Against the wishes and decree of Holy Roman Pope the English came out of their small and clumsy island to improve the standard of living of their countryman.
They succeeded splendidly indeed and Britain became the richest country in the world. Colonies provided well paid jobs and brought in trillions of Pounds.
We the conquered Nations gave up easily and served the Empire happily. We were easily divided by religion and ethnicity while Britishers remained united in their mission whether they were Catholic or Protestant, Irish, Scottish or English. We would have remained under their rule, if Colonial powers had not collided among themselves, in First and Second World wars.
After independence all Nations have done well. There has been no famine and gradually standards of living are improving. People have regained their self respect and are working hard to regain their lost economic power, against the many hurdles placed by Ex Colonial powers in the form of trade barriers and subsidies.
China after transformation into a rational society without the baggage of old traditions and religion is marching fast to regain its position as the biggest economy of the world in 16th century.

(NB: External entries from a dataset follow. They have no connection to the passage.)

lemma kraus_mat_carrier [simp]: "kraus_mat d U \<in> carrier_mat (d*d) (d*d)"
  unfolding kraus_mat_def by simp

lemma dim_kraus_mat [simp]: "dim_row (kraus_mat d U) = d*d" "dim_col (kraus_mat d U) = d*d"
  unfolding kraus_mat_def by simp_all

lemma index_kraus_mat:
  assumes "b < d" "a < d" "e < d*d"
  shows "kraus_mat d U $$ (b*d+a, e) = U $$ (b*(d*d)+e, a)"
  using assms mult_add_less_mult[OF assms(1,2)] unfolding kraus_mat_def by simp

lemma index_sandwich_Et:
  assumes "U \<in> carrier_mat m d" "a < d" "a' < d" "p < m" "q < m"
  shows "(U * Et d (a*d+a') * adj U) $$ (p,q) = U $$ (p,a) * cnj (U $$ (q,a'))"
proof -
  have "(U * Et d (a*d+a') * adj U) $$ (p,q)
      = (\<Sum>x<d. \<Sum>x'<d. if x = a then (if x' = a' then U $$ (p,x) * cnj (U $$ (q,x')) else 0) else 0)"
    unfolding index_sandwich[OF assms(1) Et_carrier assms(1,4,5)] using assms(2,3)
    by (intro sum.cong refl) (auto simp: index_Et)
  thus ?thesis using assms(2,3) by (simp add: sum.If_cases)
qed

lemma kraus_mat_mult_adj:
  assumes iso: "isometric_extension d d (d*d) (chi_channel d \<chi>) U"
    and chi: "\<chi> \<in> carrier_mat (d*d) (d*d)"
  shows "kraus_mat d U * adj (kraus_mat d U) = \<chi>"
proof (rule eq_matI)
  define N where "N = d*d"
  have U: "U \<in> carrier_mat (d*N) d"
    and ch: "\<And>\<rho>. \<rho> \<in> carrier_mat d d \<Longrightarrow> chi_channel d \<chi> \<rho> = ptrace_env d N (U * \<rho> * adj U)"
    using iso unfolding isometric_extension_def N_def by auto
  fix p q assume "p < dim_row \<chi>" "q < dim_col \<chi>"
  hence pq: "p < N" "q < N" using chi unfolding N_def by auto
  define b a b' a' where "b = p div d" "a = p mod d" "b' = q div d" "a' = q mod d"
  have lt: "b < d" "a < d" "b' < d" "a' < d"
    using div_mod_less_of_less_square pq unfolding b_a_b'_a'_def N_def by auto
  have p: "p = b*d+a" and q: "q = b'*d+a'" unfolding b_a_b'_a'_def by simp_all
  have "(kraus_mat d U * adj (kraus_mat d U)) $$ (p,q) = (\<Sum>e<N. U $$ (b*N+e, a) * cnj (U $$ (b'*N+e, a')))"
    using pq lt unfolding p q N_def by (simp add: scalar_prod_def atLeast0LessThan index_kraus_mat)
  also have "\<dots> = (\<Sum>e<N. (U * Et d (a*d+a') * adj U) $$ (b*N+e, b'*N+e))"
    using index_sandwich_Et[OF U lt(2,4)] mult_add_less_mult lt by simp
  also have "\<dots> = chi_channel d \<chi> (Et d (a*d+a')) $$ (b,b')"
    unfolding ch[OF Et_carrier] ptrace_env_def using lt by simp
  also have "\<dots> = \<chi> $$ (p,q)" unfolding p q using chi_channel_Et lt by simp
  finally show "(kraus_mat d U * adj (kraus_mat d U)) $$ (p,q) = \<chi> $$ (p,q)" .
qed (use chi in auto)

India, Pakistan, Bangladesh, Sri Lanka and Nepal are still struggling to get rid of the old traditions and religion and therefore have been left behind. It will take ages before sub continent produces 30% of world GNP, as was done in 1750.
The process can be accelerated if these countries make concerted efforts to rationalize their societies and get rid off wooly thinking.
Unity and cooperation between SAARC countries leading to a common market and currency can also help a lot. The reduced spending on defense can be diverted towards social needs like health and education to increase the pool of skill workers to face international challenges.